lemma filterlim_mult_minus_ln_at_top:
  fixes a :: "nat \<Rightarrow> real"
  assumes "c > 0" and growth: "filterlim (\<lambda>N. real N * a N / ln (real N)) at_top sequentially"
  shows "filterlim (\<lambda>N. c * real N * a N - ln (real N)) at_top sequentially"
proof -
  have product: "filterlim (\<lambda>N. ln (real N) * (c * (real N * a N / ln (real N)) - 1)) at_top sequentially"
  proof (rule filterlim_at_top_mult_at_top)
    show "filterlim (\<lambda>N. ln (real N)) at_top sequentially"
      by (rule filterlim_compose[OF ln_at_top filterlim_real_sequentially])
    have "filterlim (\<lambda>N. - 1 + c * (real N * a N / ln (real N))) at_top sequentially"
      using assms(1) growth
      by (intro filterlim_tendsto_add_at_top[OF tendsto_const] filterlim_tendsto_pos_mult_at_top) auto
    then show "filterlim (\<lambda>N. c * (real N * a N / ln (real N)) - 1) at_top sequentially"
      by simp
  qed
  have eq: "\<forall>\<^sub>F N in sequentially.
                   ln (real N) * (c * (real N * a N / ln (real N)) - 1) = c * real N * a N - ln (real N)"
    using eventually_gt_at_top[of 1] by eventually_elim (simp add: field_simps)
  show ?thesis
    by (rule iffD1[OF filterlim_cong[OF refl refl eq] product])
qed

lemma tendsto_ceiling_fraction:
  assumes "c \<ge> 0"
  shows "(\<lambda>N. real (nat \<lceil>c * real N\<rceil>) / real N) \<longlonglongrightarrow> c"
proof (rule tendsto_sandwich)
  show "\<forall>\<^sub>F N in sequentially. c \<le> real (nat \<lceil>c * real N\<rceil>) / real N"
    using eventually_gt_at_top[of 0]
    by eventually_elim (simp add: le_divide_eq assms mult.commute)
  show "\<forall>\<^sub>F N in sequentially. real (nat \<lceil>c * real N\<rceil>) / real N \<le> c + 1 / real N"
    using eventually_gt_at_top[of 0]
    by eventually_elim (simp add: divide_le_eq assms distrib_right; linarith)
  show "(\<lambda>N. c + 1 / real N) \<longlonglongrightarrow> c"
    using tendsto_add[OF tendsto_const lim_1_over_n, of c] by simp
qed simp

lemma mean_n0_fraction_tendsto_1:
  assumes apos: "\<And>N. a N > 0"
    and growth: "filterlim (\<lambda>N. real N * a N / ln (real N)) at_top sequentially"
  shows "(\<lambda>N. mean_n0 N (a N) / real N) \<longlonglongrightarrow> 1"
proof (rule order_tendstoI)
  fix y :: real
  assume "y < 1"
  then obtain lam where lam: "max y 0 < lam" "lam < 1"
    using dense[of "max y 0" 1] by auto
  define m where "m N = nat \<lceil>(1 - lam) * real N\<rceil>" for N
  have fraction: "(\<lambda>N. 1 - real (m N) / real N) \<longlonglongrightarrow> 1 - (1 - lam)"
    unfolding m_def using lam by (intro tendsto_diff tendsto_const tendsto_ceiling_fraction) simp
  have exponent: "filterlim (\<lambda>N. real (m N) * a N - ln (real N)) at_top sequentially"
  proof (rule filterlim_at_top_mono[OF filterlim_mult_minus_ln_at_top[OF _ growth]])
    show "\<forall>\<^sub>F N in sequentially.
            (1 - lam) * real N * a N - ln (real N) \<le> real (m N) * a N - ln (real N)"
      using apos lam by (intro always_eventually allI) (simp add: m_def mult_right_mono)
  qed (use lam in simp)
  have "ereal (1 - (1 - lam)) \<le> liminf (\<lambda>N. ereal (mean_n0 N (a N) / real N))"
    by (rule liminf_mean_n0_fraction_ge[OF apos fraction exponent])
  moreover have "ereal y < ereal (1 - (1 - lam))"
    using lam by simp
  ultimately have "ereal y < liminf (\<lambda>N. ereal (mean_n0 N (a N) / real N))"
    by (rule order_less_le_trans[rotated])
  then show "\<forall>\<^sub>F N in sequentially. y < mean_n0 N (a N) / real N"
    by (auto dest: less_LiminfD)
next
  fix y :: real
  assume "1 < y"
  have "mean_n0 N (a N) / real N \<le> 1" for N
    using mean_n0_le[OF apos, of N] by (cases "N = 0") (simp_all add: divide_le_eq)
  then show "\<forall>\<^sub>F N in sequentially. mean_n0 N (a N) / real N < y"
    using \<open>1 < y\<close> by (intro always_eventually allI) (rule order_le_less_trans)
qed

theorem proposition3:
  fixes a :: "nat \<Rightarrow> real"
  assumes apos: "\<And>N. a N > 0"
  shows "(\<forall>(m :: nat \<Rightarrow> nat) (lam :: real).
            (\<forall>N. m N \<le> N)
          \<longrightarrow> ((\<lambda>N. 1 - real (m N) / real N) \<longlonglongrightarrow> lam)
          \<longrightarrow> lam \<le> 1
          \<longrightarrow> filterlim (\<lambda>N. (1 - (1 - real (m N) / real N)) * real N * a N - ln (real N))
                at_top sequentially
          \<longrightarrow> ((\<lambda>N. Pcan N (a N)
                   (\<lambda>n. real (n 0) / real N \<ge> 1 - real (m N) / real N)) \<longlonglongrightarrow> 1)
              \<and> liminf (\<lambda>N. ereal (mean_n0 N (a N) / real N)) \<ge> ereal lam)
       \<and> (filterlim (\<lambda>N. real N * a N / ln (real N)) at_top sequentially
          \<longrightarrow> ((\<lambda>N. mean_n0 N (a N) / real N) \<longlonglongrightarrow> 1))"
proof (intro conjI allI impI)
  fix m :: "nat \<Rightarrow> nat" and lam :: real
  assume fraction: "(\<lambda>N. 1 - real (m N) / real N) \<longlonglongrightarrow> lam"
    and exponent_frac: "filterlim (\<lambda>N. (1 - (1 - real (m N) / real N)) * real N * a N - ln (real N))
           at_top sequentially"
  have eq: "\<forall>\<^sub>F N in sequentially.
      (1 - (1 - real (m N) / real N)) * real N * a N - ln (real N) = real (m N) * a N - ln (real N)"
    using eventually_gt_at_top[of 0] by eventually_elim simp
  have exponent: "filterlim (\<lambda>N. real (m N) * a N - ln (real N)) at_top sequentially"
    by (rule iffD1[OF filterlim_cong[OF refl refl eq] exponent_frac])
  have "\<forall>\<^sub>F N in sequentially. Pcan N (a N) (\<lambda>n. N \<le> n 0 + m N)
          = Pcan N (a N) (\<lambda>n. real (n 0) / real N \<ge> 1 - real (m N) / real N)"
    using eventually_gt_at_top[of 0] by eventually_elim (simp add: condensate_fraction_iff)
  with Pcan_condensate_tendsto_1[OF apos exponent]
  show "(\<lambda>N. Pcan N (a N) (\<lambda>n. real (n 0) / real N \<ge> 1 - real (m N) / real N)) \<longlonglongrightarrow> 1"
    by (rule Lim_transform_eventually)
  show "liminf (\<lambda>N. ereal (mean_n0 N (a N) / real N)) \<ge> ereal lam"
    by (rule liminf_mean_n0_fraction_ge[OF apos fraction exponent])
next
  assume "filterlim (\<lambda>N. real N * a N / ln (real N)) at_top sequentially"
  then show "(\<lambda>N. mean_n0 N (a N) / real N) \<longlonglongrightarrow> 1"
    by (rule mean_n0_fraction_tendsto_1[OF apos])
qed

----

**Your objective**
Scan the material above for the string "where" and return the lines that hold it.

**Solution to the exercise**
  then obtain lam where lam: "max y 0 < lam" "lam < 1"
  define m where "m N = nat \<lceil>(1 - lam) * real N\<rceil>" for N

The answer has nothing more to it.